section \<open>Partial derivatives and the seminorms\<close>

lemma pd_has_real_derivative:
  assumes "has_pd j g"
  shows "((\<lambda>t. g (x + t *\<^sub>R axis j 1)) has_real_derivative pd j g (x + t0 *\<^sub>R axis j 1)) (at t0)"
  by (rule has_real_derivative_along_line)
     (use assms in \<open>simp add: has_pd_def pd_def DERIV_deriv_iff_real_differentiable\<close>)

lemma pd_has_real_derivative_scaled:
  assumes "has_pd j g"
  shows "((\<lambda>t. g (w + (a * t) *\<^sub>R axis j 1)) has_real_derivative
      a * pd j g (w + (a * t0) *\<^sub>R axis j 1)) (at t0)"
  using DERIV_chain2[OF pd_has_real_derivative[OF assms] DERIV_cmult_Id[of a t0]]
  by (simp add: mult.commute)

lemma has_pdI:
  assumes "\<And>x. ((\<lambda>t. g (x + t *\<^sub>R axis j 1)) has_real_derivative G x) (at 0)"
  shows "has_pd j g" and "pd j g = G"
  using assms unfolding has_pd_def pd_def
  by (auto simp: real_differentiable_def DERIV_imp_deriv intro!: ext)

lemma abs_pd_le_lipschitz:
  assumes "has_pd j g" and L: "\<And>x x'. \<bar>g x - g x'\<bar> \<le> L * dist x x'"
  shows "\<bar>pd j g x\<bar> \<le> L"
proof -
  let ?q = "\<lambda>h. (g (x + (0 + h) *\<^sub>R axis j 1) - g (x + 0 *\<^sub>R axis j 1)) / h"
  have "(?q \<longlongrightarrow> pd j g x) (at 0)"
    using pd_has_real_derivative[OF assms(1), of x 0] unfolding DERIV_def by simp
  then have "((\<lambda>h. \<bar>?q h\<bar>) \<longlongrightarrow> \<bar>pd j g x\<bar>) (at 0)"
    by (rule tendsto_rabs)
  moreover have "\<bar>?q h\<bar> \<le> L" if "h \<noteq> 0" for h
  proof -
    have "\<bar>g (x + h *\<^sub>R axis j 1) - g x\<bar> \<le> L * \<bar>h\<bar>"
      using L[of "x + h *\<^sub>R axis j 1" x] by (simp add: dist_norm)
    then show ?thesis using that by (simp add: abs_divide divide_le_eq)
  qed
  then have "eventually (\<lambda>h. \<bar>?q h\<bar> \<le> L) (at 0)"
    by (auto simp: eventually_at_filter)
  ultimately show ?thesis by (rule tendsto_upperbound) simp
qed

lemma lip_const_le_iff:
  "lip_const g \<le> ereal L \<longleftrightarrow> (\<forall>x x'. \<bar>g x - g x'\<bar> \<le> L * dist x x')"
proof -
  have ratio: "\<bar>g x - g x'\<bar> / dist x x' \<le> L \<longleftrightarrow> \<bar>g x - g x'\<bar> \<le> L * dist x x'"
    if "x \<noteq> x'" for x x'
    using that by (simp add: divide_le_eq)
  have "lip_const g \<le> ereal L \<longleftrightarrow> (\<forall>x x'. x \<noteq> x' \<longrightarrow> \<bar>g x - g x'\<bar> \<le> L * dist x x')"
    unfolding lip_const_def SUP_le_iff using ratio by auto
  also have "\<dots> \<longleftrightarrow> (\<forall>x x'. \<bar>g x - g x'\<bar> \<le> L * dist x x')"
    by (metis diff_self abs_zero dist_self mult_zero_right order_refl)
  finally show ?thesis .
qed

lemma snorm2_le_iff: "snorm2 g \<le> ereal c \<longleftrightarrow> (\<forall>x j k. \<bar>pd k (pd j g) x\<bar> \<le> c)"
  unfolding snorm2_def by (auto simp: SUP_le_iff)

lemma snorm3_le_iff: "snorm3 g \<le> ereal c \<longleftrightarrow> (\<forall>x j k l. \<bar>pd l (pd k (pd j g)) x\<bar> \<le> c)"
  unfolding snorm3_def by (auto simp: SUP_le_iff)

lemma one_div_numeral_ereal: "(1 / numeral n :: ereal) = ereal (1 / numeral n)"
  by (simp add: one_ereal_def divide_ereal_def)

lemma constant_fun_C3_seminorms:
  fixes c :: real
  shows "C3 (\<lambda>x::real^'n::finite. c)" and "lip_const (\<lambda>x::real^'n. c) = 0"
    and "snorm2 (\<lambda>x::real^'n. c) = 0" and "snorm3 (\<lambda>x::real^'n. c) = 0"
proof -
  have pd_const: "has_pd j (\<lambda>x::real^'n. d) \<and> pd j (\<lambda>x::real^'n. d) = (\<lambda>x. 0)" for j d
    using has_pdI[of "\<lambda>x::real^'n. d" j "\<lambda>x. 0"] by simp
  show "C3 (\<lambda>x::real^'n. c)" unfolding C3_def using pd_const by simp
  show "snorm2 (\<lambda>x::real^'n. c) = 0" unfolding snorm2_def using pd_const by simp
  show "snorm3 (\<lambda>x::real^'n. c) = 0" unfolding snorm3_def using pd_const by simp
  obtain i :: 'n where True by blast
  have "{(x, y). x \<noteq> y} \<noteq> ({} :: ((real^'n) \<times> (real^'n)) set)"
    using axis_eq_0_iff[of i "1::real"] by auto
  then show "lip_const (\<lambda>x::real^'n. c) = 0" unfolding lip_const_def by simp
qed

section \<open>The Poisson transition kernel\<close>

text \<open>The probability mass function of \<open>Bin(m, 1 - s) + Po(l s)\<close>, written as a
  convolution; this is why it sums to one.\<close>
definition p_s_factor :: "real \<Rightarrow> real \<Rightarrow> nat \<Rightarrow> nat \<Rightarrow> real" where
  "p_s_factor l s m n = (\<Sum>k = 0..min m n. real (m choose k) * (1 - s) ^ k * s ^ (m - k)
      * (l * s) ^ (n - k) * exp (- l * s) / fact (n - k))"

lemma p_s_eq_prod: "p_s lam s y z = (\<Prod>j\<in>UNIV. p_s_factor (lam j) s (y j) (z j))"
  by (simp add: p_s_def p_s_factor_def)

lemma p_s_factor_nonneg: "0 \<le> l \<Longrightarrow> 0 \<le> s \<Longrightarrow> s \<le> 1 \<Longrightarrow> 0 \<le> p_s_factor l s m n"
  unfolding p_s_factor_def by (auto intro!: sum_nonneg divide_nonneg_nonneg mult_nonneg_nonneg)

lemma p_s_factor_sums:
  assumes l: "0 \<le> l" and s: "0 \<le> s" "s \<le> 1"
  shows "p_s_factor l s m sums 1"
proof -
  define a where "a k = real (m choose k) * (1 - s) ^ k * s ^ (m - k)" for k
  define b where "b n = (l * s) ^ n * exp (- l * s) / fact n" for n
  have "a sums (\<Sum>k\<le>m. a k)"
    by (rule sums_finite) (auto simp: a_def)
  also have "(\<Sum>k\<le>m. a k) = ((1 - s) + s) ^ m"
    unfolding binomial_ring a_def by simp
  finally have a_sums: "a sums 1" by simp
  have "(\<lambda>n. ((l * s) ^ n /\<^sub>R fact n) * exp (- l * s)) sums (exp (l * s) * exp (- l * s))"
    by (rule sums_mult2[OF exp_converges])
  moreover have "(\<lambda>n. ((l * s) ^ n /\<^sub>R fact n) * exp (- l * s)) = b"
    by (simp add: b_def fun_eq_iff field_simps)
  ultimately have b_sums: "b sums 1" by (simp add: exp_minus)
  have "(\<lambda>n. \<Sum>i\<le>n. a i * b (n - i)) sums ((\<Sum>k. a k) * (\<Sum>k. b k))"
  proof (rule Cauchy_product_sums)
    have "\<bar>a k\<bar> = a k" "\<bar>b k\<bar> = b k" for k
      using s l by (simp_all add: a_def b_def)
    then show "summable (\<lambda>k. norm (a k))" "summable (\<lambda>k. norm (b k))"
      using a_sums b_sums by (simp_all add: sums_summable)
  qed
  then have Cauchy: "(\<lambda>n. \<Sum>i\<le>n. a i * b (n - i)) sums 1"
    using a_sums b_sums by (simp add: sums_unique[symmetric])
  have "p_s_factor l s m n = (\<Sum>i\<le>n. a i * b (n - i))" for n
  proof -
    have "p_s_factor l s m n = (\<Sum>k\<in>{0..min m n}. a k * b (n - k))"
      unfolding p_s_factor_def a_def b_def by (intro sum.cong refl) (simp add: field_simps)
    also have "\<dots> = (\<Sum>i\<le>n. a i * b (n - i))"
      by (intro sum.mono_neutral_left) (auto simp: a_def)
    finally show ?thesis .
  qed
  then have "p_s_factor l s m = (\<lambda>n. \<Sum>i\<le>n. a i * b (n - i))" by (simp add: fun_eq_iff)
  with Cauchy show ?thesis by simp
qed

lemma p_s_nonneg:
  assumes "\<forall>j. 0 \<le> lam j" and "0 \<le> s" "s \<le> 1"
  shows "0 \<le> p_s lam s y z"
  unfolding p_s_eq_prod using assms by (intro prod_nonneg ballI p_s_factor_nonneg) auto

lemma p_s_probability:
  assumes lam: "\<forall>j. 0 \<le> lam j" and s: "0 \<le> s" "s \<le> 1"
  shows "integrable (count_space UNIV) (p_s lam s y)"
    and "(\<integral>z. p_s lam s y z \<partial>count_space UNIV) = 1"
proof -
  have factor_sums: "p_s_factor (lam j) s (y j) sums 1" for j
    using p_s_factor_sums lam s by blast
  have summable: "Infinite_Set_Sum.abs_summable_on (p_s_factor (lam j) s (y j)) UNIV" for j
    unfolding abs_summable_on_nat_iff'
    using sums_summable[OF factor_sums[of j]] p_s_factor_nonneg lam s by simp
  have PiE_UNIV: "PiE (UNIV::'a set) (\<lambda>_. UNIV::nat set) = UNIV" by auto
  have p_s_fun: "(\<lambda>g. \<Prod>j\<in>UNIV. p_s_factor (lam j) s (y j) (g j)) = p_s lam s y"
    by (simp add: p_s_eq_prod fun_eq_iff)
  have "Infinite_Set_Sum.abs_summable_on (\<lambda>g. \<Prod>j\<in>UNIV. p_s_factor (lam j) s (y j) (g j))
      (PiE UNIV (\<lambda>_. UNIV))"
    by (rule abs_summable_on_prod_PiE) (use summable in auto)
  then show "integrable (count_space UNIV) (p_s lam s y)"
    unfolding PiE_UNIV p_s_fun abs_summable_on_def .
  have "infsetsum (\<lambda>g. \<Prod>j\<in>UNIV. p_s_factor (lam j) s (y j) (g j)) (PiE UNIV (\<lambda>_. UNIV))
      = (\<Prod>j\<in>UNIV. infsetsum (p_s_factor (lam j) s (y j)) UNIV)"
    by (rule infsetsum_prod_PiE) (use summable in auto)
  also have "\<dots> = 1"
    using infsetsum_nat'[OF summable] sums_unique[OF factor_sums] by simp
  finally show "(\<integral>z. p_s lam s y z \<partial>count_space UNIV) = 1"
    unfolding PiE_UNIV p_s_fun infsetsum_def .
qed

lemma p_s_measurable: "(\<lambda>s. p_s lam s y z) \<in> borel_measurable borel"
  unfolding p_s_def by measurable

section \<open>The Gaussian measure\<close>

lemma std_normal_density_integral: "(\<integral>\<^sup>+x. ennreal (std_normal_density x) \<partial>lborel) = 1"
proof -
  interpret prob_space "density lborel (\<lambda>x. ennreal (normal_density 0 1 x))"
    by (rule prob_space_normal_density) simp
  show ?thesis
    using emeasure_space_1 by (simp add: emeasure_density)
qed

lemma Basis_vec_axis: "(Basis :: (real^'n::finite) set) = range (\<lambda>i. axis i 1)"
  by (auto simp: Basis_vec_def)

lemma prob_space_std_gauss: "prob_space (std_gauss :: (real^'n::finite) measure)"
proof
  have prod_Basis: "(\<lambda>w::real^'n. ennreal (\<Prod>i\<in>UNIV. std_normal_density (w $ i)))
     = (\<lambda>w. \<Prod>b\<in>Basis. ennreal (std_normal_density (w \<bullet> b)))"
  proof
    fix w :: "real^'n"
    have "(\<Prod>i\<in>UNIV. std_normal_density (w $ i)) = (\<Prod>b\<in>Basis. std_normal_density (w \<bullet> b))"
      unfolding Basis_vec_axis
      by (subst prod.reindex) (auto simp: inj_on_def axis_eq_axis inner_axis)
    then show "ennreal (\<Prod>i\<in>UNIV. std_normal_density (w $ i))
        = (\<Prod>b\<in>Basis. ennreal (std_normal_density (w \<bullet> b)))"
      by (simp add: prod_ennreal)
  qed
  have "emeasure std_gauss (space (std_gauss :: (real^'n) measure))
      = (\<integral>\<^sup>+w. ennreal (\<Prod>i\<in>UNIV. std_normal_density (w $ i)) \<partial>(lborel :: (real^'n) measure))"
    unfolding std_gauss_def by (simp add: emeasure_density)
  also have "\<dots> = (\<Prod>b\<in>(Basis :: (real^'n) set). (\<integral>\<^sup>+x. ennreal (std_normal_density x) \<partial>lborel))"
    unfolding prod_Basis by (rule nn_integral_lborel_prod) auto
  also have "\<dots> = 1" by (simp add: std_normal_density_integral)
  finally show "emeasure std_gauss (space (std_gauss :: (real^'n) measure)) = 1" .
qed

- [Try it]
Lines from the start of the material above through the line containing "using that by (simp add: divide_le_eq)" are to be duplicated exactly, and only those.

- [Reply]
section \<open>Partial derivatives and the seminorms\<close>

lemma pd_has_real_derivative:
  assumes "has_pd j g"
  shows "((\<lambda>t. g (x + t *\<^sub>R axis j 1)) has_real_derivative pd j g (x + t0 *\<^sub>R axis j 1)) (at t0)"
  by (rule has_real_derivative_along_line)
     (use assms in \<open>simp add: has_pd_def pd_def DERIV_deriv_iff_real_differentiable\<close>)

lemma pd_has_real_derivative_scaled:
  assumes "has_pd j g"
  shows "((\<lambda>t. g (w + (a * t) *\<^sub>R axis j 1)) has_real_derivative
      a * pd j g (w + (a * t0) *\<^sub>R axis j 1)) (at t0)"
  using DERIV_chain2[OF pd_has_real_derivative[OF assms] DERIV_cmult_Id[of a t0]]
  by (simp add: mult.commute)

lemma has_pdI:
  assumes "\<And>x. ((\<lambda>t. g (x + t *\<^sub>R axis j 1)) has_real_derivative G x) (at 0)"
  shows "has_pd j g" and "pd j g = G"
  using assms unfolding has_pd_def pd_def
  by (auto simp: real_differentiable_def DERIV_imp_deriv intro!: ext)

lemma abs_pd_le_lipschitz:
  assumes "has_pd j g" and L: "\<And>x x'. \<bar>g x - g x'\<bar> \<le> L * dist x x'"
  shows "\<bar>pd j g x\<bar> \<le> L"
proof -
  let ?q = "\<lambda>h. (g (x + (0 + h) *\<^sub>R axis j 1) - g (x + 0 *\<^sub>R axis j 1)) / h"
  have "(?q \<longlongrightarrow> pd j g x) (at 0)"
    using pd_has_real_derivative[OF assms(1), of x 0] unfolding DERIV_def by simp
  then have "((\<lambda>h. \<bar>?q h\<bar>) \<longlongrightarrow> \<bar>pd j g x\<bar>) (at 0)"
    by (rule tendsto_rabs)
  moreover have "\<bar>?q h\<bar> \<le> L" if "h \<noteq> 0" for h
  proof -
    have "\<bar>g (x + h *\<^sub>R axis j 1) - g x\<bar> \<le> L * \<bar>h\<bar>"
      using L[of "x + h *\<^sub>R axis j 1" x] by (simp add: dist_norm)
    then show ?thesis using that by (simp add: abs_divide divide_le_eq)
  qed
  then have "eventually (\<lambda>h. \<bar>?q h\<bar> \<le> L) (at 0)"
    by (auto simp: eventually_at_filter)
  ultimately show ?thesis by (rule tendsto_upperbound) simp
qed

lemma lip_const_le_iff:
  "lip_const g \<le> ereal L \<longleftrightarrow> (\<forall>x x'. \<bar>g x - g x'\<bar> \<le> L * dist x x')"
proof -
  have ratio: "\<bar>g x - g x'\<bar> / dist x x' \<le> L \<longleftrightarrow> \<bar>g x - g x'\<bar> \<le> L * dist x x'"
    if "x \<noteq> x'" for x x'
    using that by (simp add: divide_le_eq)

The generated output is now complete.